1st Grade Family Info Form: Due by September 21st.
AFTER YOU SUBMIT THE FORM, YOU SHOULD RECEIVE A CONFIRMATION EMAIL CONTAINING A LINK YOU CAN USE FOR EDITING YOUR RESPONSES. This is your receipt/proof that you have successfully completed the form. Please keep this "receipt" email in case you need to make any changes/updates to your family info.

We will be using the phone numbers and emails submitted in this form for regular school communication, from both administration and teachers. Please be sure to submit the phone number(s) and email(s) that you check most frequently. Also, please DOUBLE CHECK your email address - often typos in the email addresses you provide us mean that you do not end up receiving important schoolwide messages.

If you have more than one child attending PS 29, YOU MUST SUBMIT A SEPARATE FORM FOR EACH CHILD. Please use the link for that child's grade.

You may notice that some of the items we ask for in this form are duplicated from other NYCDOE documents that you have completed for the school previously. We are required to collect this info every fall to ensure that we have up to date information for your child. Additionally, it is a BIG help to us to have all of this information in one place so that important info can be shared easily with all relevant PS29 staff members.
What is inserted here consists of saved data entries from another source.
lemma up_closed_shifted_mem_if_dominated:
  assumes up: "up_closed n F" and sh: "shifted F" and FP: "F \<subseteq> Pow {0..<n}"
    and B: "B \<subseteq> {0..<n}" and Z: "Z \<in> F" "prefix_dominated Z B"
  shows "B \<in> F"
  using Z
proof (induction "card (Z - B)" arbitrary: Z)
  case 0
  have "finite Z"
    using 0 FP by (meson PowD finite_atLeastLessThan finite_subset subsetD)
  then have "Z \<subseteq> B"
    using 0 by (metis card_eq_0_iff Diff_eq_empty_iff finite_Diff)
  then show ?case
    using up B \<open>Z \<in> F\<close> unfolding up_closed_def by blast
next
  case (Suc k)
  have finite_Z: "finite Z"
    using Suc.prems FP by (auto intro: finite_subset)
  moreover have "Z - B \<noteq> {}"
    using Suc.hyps(2) by (metis card.empty nat.distinct(1))
  ultimately obtain i j where ij: "j \<in> Z - B" "i \<in> B - Z" "i < j"
    and dom: "prefix_dominated (insert i (Z - {j})) B"
    using prefix_dominated_exchange Suc.prems(2) by blast
  have "insert i (Z - {j}) \<in> F"
    using sh Suc.prems(1) ij unfolding shifted_def by blast
  moreover have "insert i (Z - {j}) - B = (Z - B) - {j}"
    using ij by auto
  then have "k = card (insert i (Z - {j}) - B)"
    using Suc.hyps(2) ij finite_Z by simp
  ultimately show ?case
    using Suc.hyps(1) dom by blast
qed

lemma exists_prefix_card_eq:
  fixes Z :: "nat set"
  assumes "k \<le> card (Z \<inter> {..<n})"
  shows "\<exists>p\<le>n. card (Z \<inter> {..<p}) = k"
  using assms
proof (induction n)
  case 0
  then show ?case by simp
next
  case (Suc n)
  show ?case
  proof (cases "k \<le> card (Z \<inter> {..<n})")
    case True
    then show ?thesis
      using Suc.IH le_Suc_eq by blast
  next
    case False
    moreover have "Z \<inter> {..<Suc n} \<subseteq> insert n (Z \<inter> {..<n})"
      by auto
    then have "card (Z \<inter> {..<Suc n}) \<le> Suc (card (Z \<inter> {..<n}))"
      using card_mono[of "insert n (Z \<inter> {..<n})"] by (simp add: card_insert_if split: if_splits)
    ultimately show ?thesis
      using Suc.prems by (intro exI[of _ "Suc n"]) simp
  qed
qed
We thank you in advance for taking the time to complete this form carefully and accurately.

The information you submit here will only be accessible by PS29 staff.    

If you have any trouble submitting your form, please first try accessing it from a different Internet browser. If you continue to have trouble, please contact our Parent Coordinator, Monica Gutierrez-Kirwan mgutierrez@ps29bk.org 

Thank you!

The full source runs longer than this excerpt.